> _WORK ITEM_
Determine how many lines in the material below contain the string "unfolding", then state only that count.

> _RECORD EXTRACTS_

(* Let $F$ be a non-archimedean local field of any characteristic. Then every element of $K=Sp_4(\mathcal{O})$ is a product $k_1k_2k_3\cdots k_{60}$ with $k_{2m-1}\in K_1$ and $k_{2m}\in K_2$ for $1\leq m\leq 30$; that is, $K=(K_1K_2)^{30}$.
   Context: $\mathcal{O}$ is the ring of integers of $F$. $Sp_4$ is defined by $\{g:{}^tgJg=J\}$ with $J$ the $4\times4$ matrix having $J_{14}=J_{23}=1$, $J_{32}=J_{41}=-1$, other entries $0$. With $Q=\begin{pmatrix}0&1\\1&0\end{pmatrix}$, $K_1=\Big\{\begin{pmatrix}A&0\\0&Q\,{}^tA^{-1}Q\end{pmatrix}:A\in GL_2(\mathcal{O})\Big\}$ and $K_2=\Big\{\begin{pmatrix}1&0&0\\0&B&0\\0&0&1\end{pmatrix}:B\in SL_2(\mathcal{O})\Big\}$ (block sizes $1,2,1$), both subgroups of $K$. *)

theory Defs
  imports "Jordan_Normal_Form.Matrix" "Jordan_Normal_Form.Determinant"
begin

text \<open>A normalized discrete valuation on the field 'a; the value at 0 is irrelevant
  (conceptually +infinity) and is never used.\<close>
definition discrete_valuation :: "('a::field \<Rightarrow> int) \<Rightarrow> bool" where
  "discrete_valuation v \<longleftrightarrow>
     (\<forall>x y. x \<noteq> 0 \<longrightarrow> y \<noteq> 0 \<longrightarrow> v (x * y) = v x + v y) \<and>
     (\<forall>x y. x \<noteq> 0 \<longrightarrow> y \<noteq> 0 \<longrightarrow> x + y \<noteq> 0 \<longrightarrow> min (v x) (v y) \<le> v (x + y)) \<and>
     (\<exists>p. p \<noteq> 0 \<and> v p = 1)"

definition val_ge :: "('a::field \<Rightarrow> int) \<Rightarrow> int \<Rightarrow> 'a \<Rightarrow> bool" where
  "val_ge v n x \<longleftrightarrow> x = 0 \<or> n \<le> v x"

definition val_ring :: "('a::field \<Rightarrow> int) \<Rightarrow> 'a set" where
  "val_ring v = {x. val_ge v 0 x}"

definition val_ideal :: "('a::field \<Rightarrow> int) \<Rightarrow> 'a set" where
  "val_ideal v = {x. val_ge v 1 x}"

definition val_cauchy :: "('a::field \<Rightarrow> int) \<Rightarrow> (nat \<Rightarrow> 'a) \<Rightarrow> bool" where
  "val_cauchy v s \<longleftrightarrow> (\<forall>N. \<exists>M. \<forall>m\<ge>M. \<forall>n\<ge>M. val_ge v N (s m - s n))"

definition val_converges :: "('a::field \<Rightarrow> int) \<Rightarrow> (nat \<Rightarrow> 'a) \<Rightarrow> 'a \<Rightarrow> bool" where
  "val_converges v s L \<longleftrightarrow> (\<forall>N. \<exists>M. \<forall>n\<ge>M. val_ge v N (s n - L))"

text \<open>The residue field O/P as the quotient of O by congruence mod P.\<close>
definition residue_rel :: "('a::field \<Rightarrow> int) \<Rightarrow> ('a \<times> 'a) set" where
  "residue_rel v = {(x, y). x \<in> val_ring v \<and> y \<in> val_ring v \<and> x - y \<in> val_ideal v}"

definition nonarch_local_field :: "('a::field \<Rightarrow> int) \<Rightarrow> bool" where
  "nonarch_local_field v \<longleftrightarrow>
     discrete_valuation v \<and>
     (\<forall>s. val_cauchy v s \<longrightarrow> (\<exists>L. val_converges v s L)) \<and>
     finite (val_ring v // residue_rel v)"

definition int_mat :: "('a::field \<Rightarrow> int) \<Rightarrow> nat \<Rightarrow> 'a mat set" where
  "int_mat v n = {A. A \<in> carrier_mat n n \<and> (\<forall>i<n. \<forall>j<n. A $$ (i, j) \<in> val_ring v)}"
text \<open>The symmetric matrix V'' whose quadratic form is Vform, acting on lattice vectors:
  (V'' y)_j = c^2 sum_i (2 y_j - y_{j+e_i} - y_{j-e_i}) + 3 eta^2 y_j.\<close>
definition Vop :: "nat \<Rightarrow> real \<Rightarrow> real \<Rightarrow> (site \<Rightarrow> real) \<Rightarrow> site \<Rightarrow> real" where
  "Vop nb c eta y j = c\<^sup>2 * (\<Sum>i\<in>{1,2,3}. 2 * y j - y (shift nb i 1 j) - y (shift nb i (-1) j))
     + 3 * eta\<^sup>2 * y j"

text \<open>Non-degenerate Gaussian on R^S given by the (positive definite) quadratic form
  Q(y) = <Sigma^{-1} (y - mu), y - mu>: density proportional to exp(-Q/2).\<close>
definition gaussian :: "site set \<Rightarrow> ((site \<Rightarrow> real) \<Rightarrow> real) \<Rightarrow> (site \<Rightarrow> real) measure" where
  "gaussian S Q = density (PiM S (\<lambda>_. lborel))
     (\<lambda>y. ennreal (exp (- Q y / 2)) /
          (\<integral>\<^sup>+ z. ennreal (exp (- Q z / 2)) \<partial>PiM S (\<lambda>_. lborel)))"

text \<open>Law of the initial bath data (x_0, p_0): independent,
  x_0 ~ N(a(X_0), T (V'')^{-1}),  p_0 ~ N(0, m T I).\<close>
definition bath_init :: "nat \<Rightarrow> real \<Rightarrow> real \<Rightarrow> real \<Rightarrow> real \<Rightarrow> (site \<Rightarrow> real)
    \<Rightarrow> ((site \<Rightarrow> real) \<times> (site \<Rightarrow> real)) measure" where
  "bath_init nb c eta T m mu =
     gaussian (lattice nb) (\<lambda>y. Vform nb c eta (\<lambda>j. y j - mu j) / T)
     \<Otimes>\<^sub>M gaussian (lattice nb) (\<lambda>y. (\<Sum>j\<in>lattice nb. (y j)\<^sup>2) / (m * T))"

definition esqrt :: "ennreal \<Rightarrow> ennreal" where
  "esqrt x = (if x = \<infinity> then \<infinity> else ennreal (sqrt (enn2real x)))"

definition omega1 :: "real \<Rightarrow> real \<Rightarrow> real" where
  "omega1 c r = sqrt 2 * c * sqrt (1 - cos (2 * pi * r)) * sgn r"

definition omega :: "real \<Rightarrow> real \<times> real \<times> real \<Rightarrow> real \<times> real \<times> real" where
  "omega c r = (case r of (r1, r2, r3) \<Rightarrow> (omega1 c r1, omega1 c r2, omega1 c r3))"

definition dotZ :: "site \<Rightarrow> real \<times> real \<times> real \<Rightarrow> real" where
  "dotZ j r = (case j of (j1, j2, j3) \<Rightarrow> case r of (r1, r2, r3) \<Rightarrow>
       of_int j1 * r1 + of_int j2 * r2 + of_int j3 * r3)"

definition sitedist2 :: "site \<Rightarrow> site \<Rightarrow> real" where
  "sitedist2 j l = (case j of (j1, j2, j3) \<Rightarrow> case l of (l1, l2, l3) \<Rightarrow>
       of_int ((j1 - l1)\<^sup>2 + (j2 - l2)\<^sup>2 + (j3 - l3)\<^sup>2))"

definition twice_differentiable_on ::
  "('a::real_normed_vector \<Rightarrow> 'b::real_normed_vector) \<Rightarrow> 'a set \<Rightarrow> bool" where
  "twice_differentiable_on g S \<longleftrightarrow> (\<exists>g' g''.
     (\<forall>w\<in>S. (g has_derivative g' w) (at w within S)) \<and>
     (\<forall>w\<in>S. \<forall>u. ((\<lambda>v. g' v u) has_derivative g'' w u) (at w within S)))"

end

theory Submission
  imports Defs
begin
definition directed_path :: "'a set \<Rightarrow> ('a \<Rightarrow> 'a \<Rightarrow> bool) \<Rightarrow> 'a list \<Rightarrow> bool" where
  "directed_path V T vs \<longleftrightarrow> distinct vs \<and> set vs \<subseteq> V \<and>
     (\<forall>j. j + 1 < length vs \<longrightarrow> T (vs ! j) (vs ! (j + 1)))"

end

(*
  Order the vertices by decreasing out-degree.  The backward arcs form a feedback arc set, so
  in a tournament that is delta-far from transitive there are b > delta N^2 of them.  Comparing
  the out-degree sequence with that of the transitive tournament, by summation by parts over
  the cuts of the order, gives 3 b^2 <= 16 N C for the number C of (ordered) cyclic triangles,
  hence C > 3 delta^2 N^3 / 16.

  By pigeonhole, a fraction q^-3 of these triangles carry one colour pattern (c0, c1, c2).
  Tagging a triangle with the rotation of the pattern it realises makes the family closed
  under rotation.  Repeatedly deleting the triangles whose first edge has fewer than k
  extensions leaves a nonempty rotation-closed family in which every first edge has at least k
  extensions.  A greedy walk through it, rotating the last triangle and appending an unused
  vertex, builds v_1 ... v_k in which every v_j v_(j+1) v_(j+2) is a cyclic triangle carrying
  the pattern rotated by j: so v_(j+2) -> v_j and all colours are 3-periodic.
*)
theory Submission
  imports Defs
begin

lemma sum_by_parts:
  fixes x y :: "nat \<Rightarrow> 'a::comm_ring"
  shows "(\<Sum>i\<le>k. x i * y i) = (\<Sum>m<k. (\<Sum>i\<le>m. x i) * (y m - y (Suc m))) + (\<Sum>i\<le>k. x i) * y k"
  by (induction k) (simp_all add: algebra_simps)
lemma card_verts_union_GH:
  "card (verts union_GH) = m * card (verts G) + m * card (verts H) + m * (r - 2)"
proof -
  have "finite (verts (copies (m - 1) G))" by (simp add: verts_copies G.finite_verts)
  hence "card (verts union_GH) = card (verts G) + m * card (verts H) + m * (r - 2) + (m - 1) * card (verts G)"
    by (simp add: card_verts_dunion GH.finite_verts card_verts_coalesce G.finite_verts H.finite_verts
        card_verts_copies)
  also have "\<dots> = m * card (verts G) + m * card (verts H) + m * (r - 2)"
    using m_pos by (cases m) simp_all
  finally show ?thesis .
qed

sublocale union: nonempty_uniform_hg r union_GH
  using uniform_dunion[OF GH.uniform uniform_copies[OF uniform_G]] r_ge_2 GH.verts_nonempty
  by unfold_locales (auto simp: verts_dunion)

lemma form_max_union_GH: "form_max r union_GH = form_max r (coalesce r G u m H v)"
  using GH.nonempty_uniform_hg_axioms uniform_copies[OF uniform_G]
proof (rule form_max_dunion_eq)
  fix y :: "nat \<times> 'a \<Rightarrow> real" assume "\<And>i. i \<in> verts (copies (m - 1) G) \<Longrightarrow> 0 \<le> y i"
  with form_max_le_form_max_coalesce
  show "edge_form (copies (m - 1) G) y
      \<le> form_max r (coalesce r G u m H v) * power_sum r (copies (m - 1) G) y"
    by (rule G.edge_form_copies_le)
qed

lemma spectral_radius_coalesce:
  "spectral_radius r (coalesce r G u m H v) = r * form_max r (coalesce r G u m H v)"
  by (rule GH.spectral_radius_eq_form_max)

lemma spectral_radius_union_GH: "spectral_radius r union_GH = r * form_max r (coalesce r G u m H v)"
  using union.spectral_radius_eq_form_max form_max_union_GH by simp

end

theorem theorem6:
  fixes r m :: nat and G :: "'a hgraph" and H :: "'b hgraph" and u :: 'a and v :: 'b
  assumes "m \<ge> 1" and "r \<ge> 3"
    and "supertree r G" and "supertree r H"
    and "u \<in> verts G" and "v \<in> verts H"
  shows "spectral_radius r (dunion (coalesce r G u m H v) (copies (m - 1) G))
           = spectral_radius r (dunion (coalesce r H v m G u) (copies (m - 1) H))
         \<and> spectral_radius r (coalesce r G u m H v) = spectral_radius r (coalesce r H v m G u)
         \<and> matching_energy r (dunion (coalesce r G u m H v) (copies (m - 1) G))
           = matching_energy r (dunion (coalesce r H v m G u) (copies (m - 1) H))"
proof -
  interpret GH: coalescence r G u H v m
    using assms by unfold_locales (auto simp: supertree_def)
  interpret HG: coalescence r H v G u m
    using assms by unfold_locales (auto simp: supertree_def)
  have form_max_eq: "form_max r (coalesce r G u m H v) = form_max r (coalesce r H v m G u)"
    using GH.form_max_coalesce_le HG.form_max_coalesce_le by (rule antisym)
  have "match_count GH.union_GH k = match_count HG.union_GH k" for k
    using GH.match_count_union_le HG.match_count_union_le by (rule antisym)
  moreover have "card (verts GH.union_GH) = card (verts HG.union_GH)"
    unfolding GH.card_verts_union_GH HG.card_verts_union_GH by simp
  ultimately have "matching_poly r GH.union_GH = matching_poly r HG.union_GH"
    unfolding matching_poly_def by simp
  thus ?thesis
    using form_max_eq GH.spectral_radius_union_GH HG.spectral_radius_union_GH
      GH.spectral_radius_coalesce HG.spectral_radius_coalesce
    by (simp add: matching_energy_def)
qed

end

> _OUTPUT FOR THIS EXERCISE_
2